Stored items:
definition cap_process :: "('a::euclidean_space \<Rightarrow> real) \<Rightarrow> (nat \<Rightarrow> real \<Rightarrow> real) \<Rightarrow> (nat \<Rightarrow> 'a \<Rightarrow> real) \<Rightarrow> bool" where
  "cap_process g \<gamma> \<psi> \<longleftrightarrow>
     \<psi> 0 \<in> borel_measurable lebesgue \<and> integrable lebesgue (\<psi> 0) \<and>
     (\<forall>x. 0 \<le> \<psi> 0 x \<and> \<psi> 0 x \<le> 1) \<and>
     (\<forall>t. mono_on {0..} (\<gamma> t) \<and> (\<forall>r\<ge>0. 0 \<le> \<gamma> t r \<and> \<gamma> t r \<le> 1)) \<and>
     (\<forall>t x. \<psi> (Suc t) x = \<gamma> t (cap_field g (\<psi> t) x)) \<and>
     (\<exists>R>0. \<forall>t x. norm x > R \<longrightarrow> \<gamma> t (cap_field g (\<psi> t) x) = 0)"

end

theory Submission
  imports Defs
begin

(* Write z^H for the reflection of z.  The substitution z \<mapsto> z^H preserves Lebesgue measure and
   |x^H - z^H| = |x - z|, so for a radial kernel g and f = cap_field g h
     2 (f x^H - f x) = \<integral> (h z^H - h z) (g (x - z) - g (x - z^H)) dz.
   For x \<in> H^- the two factors have the same sign for every z: if z \<in> H^- the first is
   nonnegative by hypothesis and the second because z is closer to x than z^H and g decreases
   radially; if z \<in> H^+ both signs flip.  So f_t x \<le> f_t x^H, the monotone \<gamma>_t turns this into
   \<psi>_(t+1) x \<le> \<psi>_(t+1) x^H, and induction on s finishes the proof. *)

lemma inj_isometry:
  assumes "\<And>x y. dist (f x) (f y) = dist x y"
  shows "inj f"
  using assms by (metis dist_eq_0_iff injI)
(* Let $\sigma_0,\sigma_\epsilon>0$, $\theta_0\in\mathbb{R}$. Let the prior be $\Theta\sim N(\theta_0,\sigma_0^2)$ and the signal $X=\Theta+\epsilon$ with $\epsilon\sim\mathrm{Cauchy}(0,\sigma_\epsilon)$ independent of $\Theta$. For $x\in\mathbb{R}$ put $x_0=(x-\theta_0)/\sigma_0$, $a=\sigma_\epsilon/\sigma_0$ and $z=(a+ix_0)/\sqrt2$. Then the posterior mean $\theta_1=\mathbb{E}[\Theta\mid X=x]$ equals $$\theta_1=x+\sigma_\epsilon\,\frac{\operatorname{Im}\{\operatorname{erfcx}(z)\}}{\operatorname{Re}\{\operatorname{erfcx}(z)\}},$$ where $\operatorname{erfcx}(z)=e^{z^2}\bigl(1-\frac{2}{\sqrt\pi}\int_0^z e^{-t^2}\,dt\bigr)$.
   Context: $\mathrm{Cauchy}(\mu,s)$ has density $t\mapsto\frac{1}{\pi s[1+((t-\mu)/s)^2]}$. The posterior mean is $\theta_1=\frac{\int\theta f_\Theta(\theta)l_\epsilon(x-\theta)d\theta}{\int f_\Theta(\theta)l_\epsilon(x-\theta)d\theta}$ with $f_\Theta$ the prior density and $l_\epsilon$ the noise density; the integral in erfcx is along any path (the integrand is entire). *)

theory Defs
  imports "HOL-Probability.Probability" "HOL-Complex_Analysis.Complex_Analysis"
begin

definition cauchy_density :: "real \<Rightarrow> real \<Rightarrow> real \<Rightarrow> real" where
  "cauchy_density mu s t = 1 / (pi * s * (1 + ((t - mu) / s)^2))"

text \<open>Posterior mean of Theta given X = x, where X = Theta + noise, with prior density f
  and noise density l (Theta and noise independent).\<close>
definition posterior_mean :: "(real \<Rightarrow> real) \<Rightarrow> (real \<Rightarrow> real) \<Rightarrow> real \<Rightarrow> real" where
  "posterior_mean f l x =
     (LINT \<theta>|lborel. \<theta> * f \<theta> * l (x - \<theta>)) / (LINT \<theta>|lborel. f \<theta> * l (x - \<theta>))"
theorem mainTheorem8:
  fixes C d :: nat and \<sigma> :: real and \<pi> :: "nat \<Rightarrow> real"
  assumes "C \<ge> 1" and "d \<ge> 1" and "\<sigma> > 0"
    and "\<pi> 0 = 1"
    and "\<forall>n\<in>{1..C}. \<pi> n \<le> \<pi> (n - 1)"
    and "\<pi> C \<ge> 0"
    and "\<pi> (C + 1) = 0"
    and "\<forall>n\<in>{1..C}. \<sigma> * (\<pi> (n - 1) ^ d - \<pi> n ^ d) = real n * (\<pi> n - \<pi> (n + 1))"
  shows "\<forall>\<mu>::complex. eigenvalue (map_mat complex_of_real (Hmat C \<sigma> d \<pi>)) \<mu>
           \<longrightarrow> \<mu> \<in> \<real> \<and> Re \<mu> < -1"
proof (intro allI impI)
  fix \<mu> :: complex
  assume "eigenvalue (map_mat complex_of_real (Hmat C \<sigma> d \<pi>)) \<mu>"
  then obtain v where v: "eigenvector (map_mat complex_of_real (Hmat C \<sigma> d \<pi>)) v \<mu>"
    by (auto simp: eigenvalue_def)
  have "\<forall>n\<le>C + 1. 0 \<le> \<pi> n"
    using nonneg_if_antimono_upto[OF assms(5,6)] assms(7) by (simp add: le_Suc_eq)
  then have \<pi>_pos: "\<forall>n\<le>C. 0 < \<pi> n"
    using balance_solution_pos assms(2,3,4,8) by simp
  obtain p where p_pos: "\<forall>i<C. 0 < p i"
    and sym: "\<forall>i<C. \<forall>j<C. p i * Hmat C \<sigma> d \<pi> $$ (i, j) = p j * Hmat C \<sigma> d \<pi> $$ (j, i)"
    using tridiagonal_symmetrizable[OF Hmat_tridiagonal Hmat_off_diagonal_pos[OF assms(3,2) \<pi>_pos]] .
  obtain u where u_vanish: "\<forall>j\<ge>C. u j = 0" and u_nz: "\<exists>i. u i \<noteq> 0"
    and u_eig: "\<forall>i<C. (\<Sum>j<C. of_real (Hmat C \<sigma> d \<pi> $$ (j, i)) * u j) = \<mu> * u i"
    using symmetrizable_transpose_eigenvector[OF Hmat_carrier p_pos sym v] .
  have "\<forall>i<C. (\<mu> + of_real (real i + gam \<sigma> d \<pi> (i + 1) + 1)) * u i
      = of_real (real i) * u (i - 1) + of_real (gam \<sigma> d \<pi> (i + 1)) * u (i + 1)"
    using Hmat_transpose_eigen_recurrence u_vanish u_eig by blast
  moreover have "\<forall>i<C. 0 < gam \<sigma> d \<pi> (i + 1)"
    using \<pi>_pos assms(2,3) by (simp add: gam_def)
  ultimately have "Re \<mu> < -1"
    using u_vanish u_nz by (intro recurrence_maximum_principle[of C "\<lambda>i. real i"]) auto
  moreover have "\<mu> \<in> \<real>"
    using eigenvalue_real_if_symmetrizable[OF Hmat_carrier p_pos sym v] .
  ultimately show "\<mu> \<in> \<real> \<and> Re \<mu> < -1" by simp
qed

end
(* Let $G$ be a fullerene graph and $S$ a perfect star packing of $G$. Then the number of connected components of $G-C(S)$ that are cycles of odd length is even.
   Context: A fullerene graph is a finite simple connected (equivalently, $3$-connected) plane cubic graph all of whose faces are pentagons or hexagons. A perfect star packing of $G$ is a spanning subgraph $S$ of $G$ every connected component of which is isomorphic to $K_{1,3}$; $C(S)$ denotes the set of centers (degree-$3$ vertices) of the stars in $S$. (Every connected component of $G-C(S)$ is a cycle.) *)

theory Defs
  imports Main
begin

definition simple_graph :: "'a set \<Rightarrow> ('a \<Rightarrow> 'a \<Rightarrow> bool) \<Rightarrow> bool" where
  "simple_graph V E \<longleftrightarrow> finite V \<and> (\<forall>u v. E u v \<longrightarrow> u \<in> V \<and> v \<in> V)
     \<and> (\<forall>u v. E u v \<longrightarrow> E v u) \<and> (\<forall>v. \<not> E v v)"

definition nbrs :: "('a \<Rightarrow> 'a \<Rightarrow> bool) \<Rightarrow> 'a \<Rightarrow> 'a set" where
  "nbrs E v = {w. E v w}"

definition cubic :: "'a set \<Rightarrow> ('a \<Rightarrow> 'a \<Rightarrow> bool) \<Rightarrow> bool" where
  "cubic V E \<longleftrightarrow> (\<forall>v\<in>V. card (nbrs E v) = 3)"

definition connected_graph :: "'a set \<Rightarrow> ('a \<Rightarrow> 'a \<Rightarrow> bool) \<Rightarrow> bool" where
  "connected_graph V E \<longleftrightarrow> V \<noteq> {} \<and> (\<forall>u\<in>V. \<forall>v\<in>V. E\<^sup>*\<^sup>* u v)"

definition edges :: "('a \<Rightarrow> 'a \<Rightarrow> bool) \<Rightarrow> 'a set set" where
  "edges E = {{u, v} | u v. E u v}"

(* Combinatorial embedding (rotation system): rot v is a cyclic permutation of the
   neighbours of v. *)
definition rotation_system :: "'a set \<Rightarrow> ('a \<Rightarrow> 'a \<Rightarrow> bool) \<Rightarrow> ('a \<Rightarrow> 'a \<Rightarrow> 'a) \<Rightarrow> bool" where
  "rotation_system V E rot \<longleftrightarrow>
     (\<forall>v\<in>V. \<forall>u. E v u \<longrightarrow> E v (rot v u)) \<and>
     (\<forall>v\<in>V. \<forall>u w. E v u \<and> E v w \<longrightarrow> (\<exists>n. (rot v ^^ n) u = w))"

definition darts :: "('a \<Rightarrow> 'a \<Rightarrow> bool) \<Rightarrow> ('a \<times> 'a) set" where
  "darts E = {(u, v). E u v}"

(* face-tracing permutation on darts *)
definition face_step :: "('a \<Rightarrow> 'a \<Rightarrow> 'a) \<Rightarrow> 'a \<times> 'a \<Rightarrow> 'a \<times> 'a" where
  "face_step rot d = (snd d, rot (snd d) (fst d))"

definition face_of :: "('a \<Rightarrow> 'a \<Rightarrow> 'a) \<Rightarrow> 'a \<times> 'a \<Rightarrow> ('a \<times> 'a) set" where
  "face_of rot d = {(face_step rot ^^ n) d | n. True}"

definition faces :: "('a \<Rightarrow> 'a \<Rightarrow> bool) \<Rightarrow> ('a \<Rightarrow> 'a \<Rightarrow> 'a) \<Rightarrow> ('a \<times> 'a) set set" where
  "faces E rot = face_of rot ` darts E"

(* plane embedding of a connected graph: rotation system of genus 0 (Euler's formula) *)
definition plane_embedding :: "'a set \<Rightarrow> ('a \<Rightarrow> 'a \<Rightarrow> bool) \<Rightarrow> ('a \<Rightarrow> 'a \<Rightarrow> 'a) \<Rightarrow> bool" where
  "plane_embedding V E rot \<longleftrightarrow> rotation_system V E rot \<and>
     int (card V) - int (card (edges E)) + int (card (faces E rot)) = 2"

(* a face is a pentagon/hexagon: its boundary walk has length 5 or 6 and visits
   distinct vertices (so it is a 5- or 6-cycle) *)
definition penta_hexa_face :: "('a \<times> 'a) set \<Rightarrow> bool" where
  "penta_hexa_face f \<longleftrightarrow> card f \<in> {5, 6} \<and> card (fst ` f) = card f"

definition fullerene :: "'a set \<Rightarrow> ('a \<Rightarrow> 'a \<Rightarrow> bool) \<Rightarrow> bool" where
  "fullerene V E \<longleftrightarrow> simple_graph V E \<and> connected_graph V E \<and> cubic V E \<and>
     (\<exists>rot. plane_embedding V E rot \<and> (\<forall>f\<in>faces E rot. penta_hexa_face f))"

definition restr :: "'a set \<Rightarrow> ('a \<Rightarrow> 'a \<Rightarrow> bool) \<Rightarrow> 'a \<Rightarrow> 'a \<Rightarrow> bool" where
  "restr W R x y \<longleftrightarrow> x \<in> W \<and> y \<in> W \<and> R x y"

definition components :: "'a set \<Rightarrow> ('a \<Rightarrow> 'a \<Rightarrow> bool) \<Rightarrow> 'a set set" where
  "components W R = (\<lambda>v. {w \<in> W. (restr W R)\<^sup>*\<^sup>* v w}) ` W"

definition is_K13 :: "'a set \<Rightarrow> ('a \<Rightarrow> 'a \<Rightarrow> bool) \<Rightarrow> bool" where
  "is_K13 K S \<longleftrightarrow> card K = 4 \<and>
     (\<exists>c\<in>K. \<forall>x\<in>K. \<forall>y\<in>K. S x y \<longleftrightarrow> (x = c \<and> y \<noteq> c) \<or> (y = c \<and> x \<noteq> c))"

definition perfect_star_packing :: "'a set \<Rightarrow> ('a \<Rightarrow> 'a \<Rightarrow> bool) \<Rightarrow> ('a \<Rightarrow> 'a \<Rightarrow> bool) \<Rightarrow> bool" where
  "perfect_star_packing V E S \<longleftrightarrow> (\<forall>u v. S u v \<longrightarrow> E u v) \<and> (\<forall>u v. S u v \<longrightarrow> S v u) \<and>
     (\<forall>K\<in>components V S. is_K13 K S)"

* _TASK DESCRIPTION_:
Look through the entries and find each line that has the string "intro". Copy those lines.

* _EXERCISE SOLUTION_:
proof (intro allI impI)
    using u_vanish u_nz by (intro recurrence_maximum_principle[of C "\<lambda>i. real i"]) auto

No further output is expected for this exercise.